如何将表格数据重塑为每组一行
How to reshape tabular data to one row per group
我是一个 R(和编码新手),我正在寻找一种方法来将下面的 Table A 显示重新配置为 Table B。
Table答:
type x1 x2 x3
A 4 6 9
A 7 4 1
A 9 6 2
B 1 3 8
B 2 7 9
我正在寻找可以转换为以下内容的代码
Table乙:
type x1 x2 x3 x1' x2' x3' x1'' x2'' x3''
A 4 6 9 7 4 1 9 6 2
B 1 3 8 2 7 9
真正的Table A 超过150000 行和36 列。具有 2100 个独特的 "type" 值。
感谢您的帮助。
-肖恩
尝试一下,解决方案不是那么简洁,只是给你一个 hint.I 认为很多事情都可以改进。
不过最后还是要在这里介绍一下NA :(
zz <- "type x1 x2 x3
A 4 6 9
A 7 4 1
A 9 6 2
B 1 3 8
B 2 7 9"
dA <- read.table(text=zz, header=T)
tmp<-(sapply(unique(dA$type), FUN=function(x) as.vector(t(dA[dA$type == x, -1]))))
t(sapply(tmp, '[', seq(max(sapply(tmp, length)))))

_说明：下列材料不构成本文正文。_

lemma cis_near_1:
  assumes "\<epsilon> > 0" shows "\<exists>\<eta>>0. \<forall>x. \<bar>x\<bar> < \<eta> \<longrightarrow> norm (cis x - 1) < \<epsilon>"
proof -
  have "isCont cis 0" unfolding cis_conv_exp by (intro continuous_intros)
  then show ?thesis using assms unfolding continuous_at_eps_delta by (simp add: dist_norm)
qed

lemma unit_near_1_eq_cis:
  assumes "\<eta> > 0"
  shows "\<exists>\<delta>>0. \<forall>u. norm u = 1 \<longrightarrow> norm (u - 1) < \<delta> \<longrightarrow> (\<exists>\<theta>. \<bar>\<theta>\<bar> < \<eta> \<and> u = cis (2 * pi * \<theta>))"
proof -
  have "isCont Ln 1" by (rule continuous_at_Ln) (simp add: nonpos_Reals_def)
  then have "\<exists>\<delta>>0. \<forall>u. norm (u - 1) < \<delta> \<longrightarrow> norm (Ln u) < 2 * pi * \<eta>"
    using assms unfolding continuous_at_eps_delta dist_norm by simp
  then obtain \<delta> where \<delta>: "\<delta> > 0" "\<And>u. norm (u - 1) < \<delta> \<Longrightarrow> norm (Ln u) < 2 * pi * \<eta>"
    by blast
  show ?thesis
  proof (rule exI[of _ \<delta>], intro conjI allI impI)
    fix u :: complex assume u: "norm u = 1" "norm (u - 1) < \<delta>"
    have "\<bar>Im (Ln u) / (2 * pi)\<bar> < \<eta>"
      using abs_Im_le_cmod[of "Ln u"] \<delta>(2)[OF u(2)] by (simp add: field_simps abs_divide)
    moreover have "u = cis (2 * pi * (Im (Ln u) / (2 * pi)))"
      using unit_eq_cis_Im_Ln[OF u(1)] by simp
    ultimately show "\<exists>\<theta>. \<bar>\<theta>\<bar> < \<eta> \<and> u = cis (2 * pi * \<theta>)" by blast
  qed (rule \<delta>(1))
qed

lemma unit_pow_eq_imp_cis:
  fixes v w :: complex
  assumes "norm v = 1" "norm w = 1" "w ^ P = v ^ P" "P > 0"
  shows "\<exists>c::int. w = v * cis (2 * pi * of_int c / real P)"
proof -
  have v0: "v \<noteq> 0" using assms(1) by auto
  define \<theta> where "\<theta> = Im (Ln (w / v))"
  have wv: "w / v = cis \<theta>"
    unfolding \<theta>_def by (rule unit_eq_cis_Im_Ln) (simp add: norm_divide assms(1,2))
  have "cis (real P * \<theta>) = 1"
    using assms(3) v0 by (simp flip: wv Complex.DeMoivre add: power_divide)
  then obtain c :: int where "real P * \<theta> = 2 * pi * of_int c"
    using cis_eq_1_imp_int_multiple by blast
  then have "\<theta> = 2 * pi * of_int c / real P" using assms(4) by (simp add: field_simps)
  moreover have "w = v * (w / v)" using v0 by simp
  ultimately show ?thesis using wv by metis
qed

lemma abs_mult_le_unit_interval:
  fixes v x :: real
  assumes "v \<in> {0..1}" shows "\<bar>v * x\<bar> \<le> \<bar>x\<bar>"
  using mult_left_le_one_le[of "\<bar>x\<bar>" v] assms by (simp add: abs_mult)

lemma rotation_nbhd:
  fixes W :: "(real \<times> complex) set"
  assumes "open W" "(t, z) \<in> W" "norm z = 1"
  shows "\<exists>\<epsilon>>0. \<exists>\<eta>>0. \<forall>t' x. \<bar>t' - t\<bar> < \<epsilon> \<longrightarrow> \<bar>x\<bar> < \<eta> \<longrightarrow> (t', z * cis x) \<in> W"
proof -
  obtain e where e: "e > 0" "ball (t, z) e \<subseteq> W"
    using assms open_contains_ball by blast
  obtain \<eta> where \<eta>: "\<eta> > 0" "\<And>x. \<bar>x\<bar> < \<eta> \<Longrightarrow> norm (cis x - 1) < e / 2"
    using cis_near_1[of "e / 2"] e(1) by auto
  have "(t', z * cis x) \<in> W" if "\<bar>t' - t\<bar> < e / 2" "\<bar>x\<bar> < \<eta>" for t' x
  proof -
    have "z * cis x - z = z * (cis x - 1)" by (simp add: algebra_simps)
    then have "norm (z * cis x - z) = norm (cis x - 1)"
      using assms(3) by (simp add: norm_mult)
    then have "dist (t', z * cis x) (t, z) < e"
      unfolding dist_Pair_Pair using that \<eta>(2)[OF that(2)]
      by (intro sqrt_sum_squares_half_less) (simp_all add: dist_norm)
    then show ?thesis using e(2) by (auto simp: dist_commute)
  qed
  then show ?thesis using e(1) \<eta>(1) by (intro exI[of _ "e / 2"] exI[of _ \<eta>]) auto
qed

lemma gcd_chain_stabilises:
  fixes k :: int and d :: "nat \<Rightarrow> int"
  assumes k: "k \<noteq> 0" and chain: "\<And>l l'. j \<le> l \<Longrightarrow> l \<le> l' \<Longrightarrow> d l dvd d l'"
  shows "\<exists>l0\<ge>j. \<forall>l\<ge>l0. \<exists>u v. d l0 = u * k + v * d l"
proof -
  define G where "G l = gcd k (d l)" for l
  have G_pos: "G l > 0" for l using k by (simp add: G_def)
  have G_le: "G l \<le> \<bar>k\<bar>" for l
    using dvd_imp_le_int[OF k, of "G l"] by (simp add: G_def)
  have G_dvd: "G l dvd G l'" if "j \<le> l" "l \<le> l'" for l l'
    using chain[OF that] unfolding G_def by (meson dvd_trans gcd_dvd1 gcd_dvd2 gcd_greatest)
  have "G ` {j..} \<subseteq> {1..\<bar>k\<bar>}"
    unfolding image_subset_iff atLeastAtMost_iff using G_pos G_le by (simp add: int_one_le_iff_zero_less)
  then have fin: "finite (G ` {j..})" by (rule finite_subset) simp
  obtain l0 where l0: "l0 \<ge> j" "G l0 = Max (G ` {j..})"
    using Max_in[OF fin] by auto
  have G_eq: "G l = G l0" if "l \<ge> l0" for l
  proof (rule antisym)
    show "G l \<le> G l0" using l0 fin that by (auto intro!: Max_ge)
    show "G l0 \<le> G l" using G_dvd[OF l0(1) that] G_pos by (intro zdvd_imp_le) auto
  qed
  show ?thesis
  proof (intro exI[of _ l0] conjI allI impI)
    fix l assume "l0 \<le> l"
    obtain q where q: "d l0 = G l * q"
      using G_eq[OF \<open>l0 \<le> l\<close>] by (metis G_def dvdE gcd_dvd2)
    obtain u v where uv: "u * k + v * d l = G l"
      using bezout_int[of k "d l"] by (auto simp: G_def)
    have "d l0 = (u * q) * k + (v * q) * d l"
      unfolding q uv[symmetric] by (simp add: algebra_simps)
    then show "\<exists>u v. d l0 = u * k + v * d l" by blast
  qed (rule l0(1))
qed

lemma nat_multiples_near_eq:
  fixes N \<rho> :: real and k1 k2 :: nat
  assumes "N > 0" "\<bar>N * real k1 - \<rho>\<bar> < N / 2" "\<bar>N * real k2 - \<rho>\<bar> < N / 2"
  shows "k1 = k2"
proof -
  have "\<bar>N * (real k1 - real k2)\<bar> < N * 1"
    using assms(2,3) unfolding right_diff_distrib abs_less_iff by linarith
  then have "\<bar>real k1 - real k2\<bar> < 1" using assms(1) by (simp only: abs_mult) simp
  then show ?thesis by linarith
qed

lemma fupcon_homeomorphic_space:
  fixes X :: "'c topology" and Y :: "'a topology" and Y' :: "'b topology"
  assumes hom: "Y homeomorphic_space Y'" and fupcon: "fupcon X Y'"
  shows "fupcon X Y"
proof -
  obtain f g where fg: "homeomorphic_maps Y Y' f g"
    using hom homeomorphic_space_def by blast
  define h :: "'c \<times> 'a \<Rightarrow> 'c \<times> 'b" where "h = (\<lambda>(x, y). (id x, f y))"
  define h' :: "'c \<times> 'b \<Rightarrow> 'c \<times> 'a" where "h' = (\<lambda>(x, y). (id x, g y))"
  have hh': "homeomorphic_maps (prod_topology X Y) (prod_topology X Y') h h'"
    unfolding h_def h'_def homeomorphic_maps_prod using fg homeomorphic_maps_id by blast
  then have h: "homeomorphic_map (prod_topology X Y) (prod_topology X Y') h"
    and h': "homeomorphic_map (prod_topology X Y') (prod_topology X Y) h'"
    using homeomorphic_maps_imp_map homeomorphic_maps_sym by metis+
  have h'h: "\<And>A. A \<subseteq> topspace (prod_topology X Y) \<Longrightarrow> h' ` h ` A = A"
    using hh' unfolding homeomorphic_maps_def by (force simp: image_image)
  have f_onto: "f ` topspace Y = topspace Y'"
    using fg homeomorphic_maps_imp_map homeomorphic_imp_surjective_map by blast
  show ?thesis unfolding fupcon_def
  proof (intro allI impI, elim conjE)
    fix M U
    assume M: "continuum_in (prod_topology X Y) M" and M1: "fst ` M = topspace X"
      and M2: "snd ` M = topspace Y" and U: "openin (prod_topology X Y) U" "M \<subseteq> U"
    have MX: "M \<subseteq> topspace (prod_topology X Y)"
      using M compactin_subset_topspace continuum_in_def by blast
    have UX: "U \<subseteq> topspace (prod_topology X Y)" using U openin_subset by blast
    have "continuum_in (prod_topology X Y') (h ` M)"
      using M MX unfolding continuum_in_def
      by (simp add: homeomorphic_map_compactness[OF h] homeomorphic_map_connectedness[OF h])
    moreover have "fst ` h ` M = topspace X" using M1 by (force simp: h_def)
    moreover have "snd ` h ` M = topspace Y'"
    proof -
      have "snd ` h ` M = f ` snd ` M" by (force simp: h_def)
      then show ?thesis using M2 f_onto by simp
    qed
    moreover have "openin (prod_topology X Y') (h ` U)"
      using homeomorphic_map_openness[OF h UX] U by blast
    ultimately obtain V' where V': "openin (prod_topology X Y') V'"
        "connectedin (prod_topology X Y') V'" "h ` M \<subseteq> V'" "V' \<subseteq> h ` U"
      using fupcon U(2) unfolding fupcon_def by (meson image_mono)
    have "V' \<subseteq> topspace (prod_topology X Y')" using V' openin_subset by blast
    then show "\<exists>V. openin (prod_topology X Y) V \<and> connectedin (prod_topology X Y) V \<and> M \<subseteq> V \<and> V \<subseteq> U"
      using V' homeomorphic_map_openness[OF h'] homeomorphic_map_connectedness[OF h']
        h'h[OF MX] h'h[OF UX] by (metis image_mono)
  qed
qed

section \<open>Solenoids as sequences of unit complex numbers\<close>

locale solenoid_seq =
  fixes n :: "nat \<Rightarrow> nat"
  assumes n_ge_2: "\<And>i. n i \<ge> 2"
begin

definition Sol :: "(nat \<Rightarrow> complex) set" where
  "Sol = {z. \<forall>i. z i \<in> sphere 0 1 \<and> z i = z (Suc i) ^ n i}"

definition deg :: "nat \<Rightarrow> nat \<Rightarrow> nat" where
  "deg i l = (\<Prod>k\<in>{i..<l}. n k)"

text \<open>The arc components of the solenoid are the orbits of this \<real>-action; at level \<open>i\<close> it
  turns the circle once in time \<open>deg 0 i\<close>.\<close>
definition flow :: "real \<Rightarrow> (nat \<Rightarrow> complex) \<Rightarrow> nat \<Rightarrow> complex" where
  "flow r s i = s i * cis (2 * pi * r / real (deg 0 i))"

lemma n_pos: "n i > 0"
  using n_ge_2[of i] by linarith

lemma deg_refl [simp]: "deg i i = 1"
  by (simp add: deg_def)

lemma deg_pos: "deg i l > 0"
  by (simp add: deg_def n_pos)

lemma deg_Suc: "i \<le> l \<Longrightarrow> deg i (Suc l) = deg i l * n l"
  by (simp add: deg_def prod.atLeastLessThan_Suc)

lemma deg_trans: "i \<le> k \<Longrightarrow> k \<le> l \<Longrightarrow> deg i l = deg i k * deg k l"
  unfolding deg_def by (rule prod.atLeastLessThan_concat[symmetric])

lemma pow2_le_deg: "2 ^ l \<le> deg 0 l"
proof (induction l)
  case (Suc l)
  then show ?case using mult_le_mono[OF Suc.IH n_ge_2[of l]] by (simp add: deg_Suc mult.commute)
qed simp

lemma SolD:
  assumes "s \<in> Sol" shows Sol_norm: "norm (s i) = 1" and Sol_bonding: "s i = s (Suc i) ^ n i"
  using assms unfolding Sol_def mem_Collect_eq mem_sphere_0 by blast+

lemma Sol_nonzero: "s \<in> Sol \<Longrightarrow> s i \<noteq> 0"
  using Sol_norm[of s i] by auto

lemma Sol_pow: "s \<in> Sol \<Longrightarrow> i \<le> l \<Longrightarrow> s i = s l ^ deg i l"
proof (induction l)
  case (Suc l)
  show ?case
  proof (cases "i = Suc l")
    case False
    then have "i \<le> l" using Suc.prems by simp
    then have "s i = (s (Suc l) ^ n l) ^ deg i l"
      using Suc Sol_bonding[of s l] by simp
    then show ?thesis by (simp add: deg_Suc[OF \<open>i \<le> l\<close>] power_mult mult.commute)
  qed simp
qed simp

lemma Sol_eq_below: "s \<in> Sol \<Longrightarrow> s' \<in> Sol \<Longrightarrow> s l = s' l \<Longrightarrow> i \<le> l \<Longrightarrow> s i = s' i"
  using Sol_pow[of s i l] Sol_pow[of s' i l] by simp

[,1] [,2] [,3] [,4] [,5] [,6] [,7] [,8] [,9]
[1,] 4 6 9 7 4 1 9 6 2
[2,] 1 3 8 2 7 9 NA NA NA
a <- data.frame(type=c("A", "A","A", "B", "B"), x1 = c(4,7,9,1,2),x2=c(6,4,6,3,7),
x3 = c(9,1,2,8,9))
library(dplyr)
tmp <-
a %>%
group_by(type) %>%
summarise(no_rows = length(type))
for(i in unique(a$type)){
n <- max(tmp$no_rows) - nrow(a[a$type == i,])
nn <- nrow(a)
if(n > 0){
for(ii in 1:n){
a[nn+ii,] <- c(i,NA,NA,NA)
}
}
}
a <- a[order(a$type),]
a$timevar <- seq(1:max(tmp$no_rows) )
b<-reshape(a,timevar="timevar",idvar="type",direction="wide",drop = F)
b
type x1.1 x2.1 x3.1 x1.2 x2.2 x3.2 x1.3 x2.3 x3.3
1 A 4 6 9 7 4 1 9 6 2
4 B 1 3 8 2 7 9 <NA> <NA> <NA>
@Hack-R 答案的变化:
A$num <- with(A, ave(as.character(type), type, FUN=seq_along) )
tmp <- cbind(A[c(1,5)], stack(A[2:4]))
tmp$time <- paste(tmp$ind, tmp$num, sep=".")
reshape(tmp[c("type","time","values")], idvar="type", timevar="time", direction="wide")
# type values.x1.1 values.x1.2 values.x1.3 values.x2.1 values.x2.2 values.x2.3 values.x3.1 values.x3.2 values.x3.3
#1 A 4 7 9 6 4 6 9 1 2
#4 B 1 2 NA 3 7 NA 8 9 NA
还有一个有趣的 dplyr 版本:
library(dplyr)
library(tidyr)
A %>%
gather(var, value, -type) %>%
group_by(type,var) %>%
mutate(time=seq_along(var)) %>%
ungroup() %>%
unite(grpvar, c(time,var) ) %>%
spread(grpvar, value )
#Source: local data frame [2 x 10]
#
# type 1_x1 1_x2 1_x3 2_x1 2_x2 2_x3 3_x1 3_x2 3_x3
# (chr) (int) (int) (int) (int) (int) (int) (int) (int) (int)
#1 A 4 6 9 7 4 1 9 6 2
#2 B 1 3 8 2 7 9 NA NA NA
对我来说,这个解决方案似乎非常简单
# split the data frame by type and use unlist, which will provide names
ld <- lapply(split(d[-1], d[["type"]]), unlist)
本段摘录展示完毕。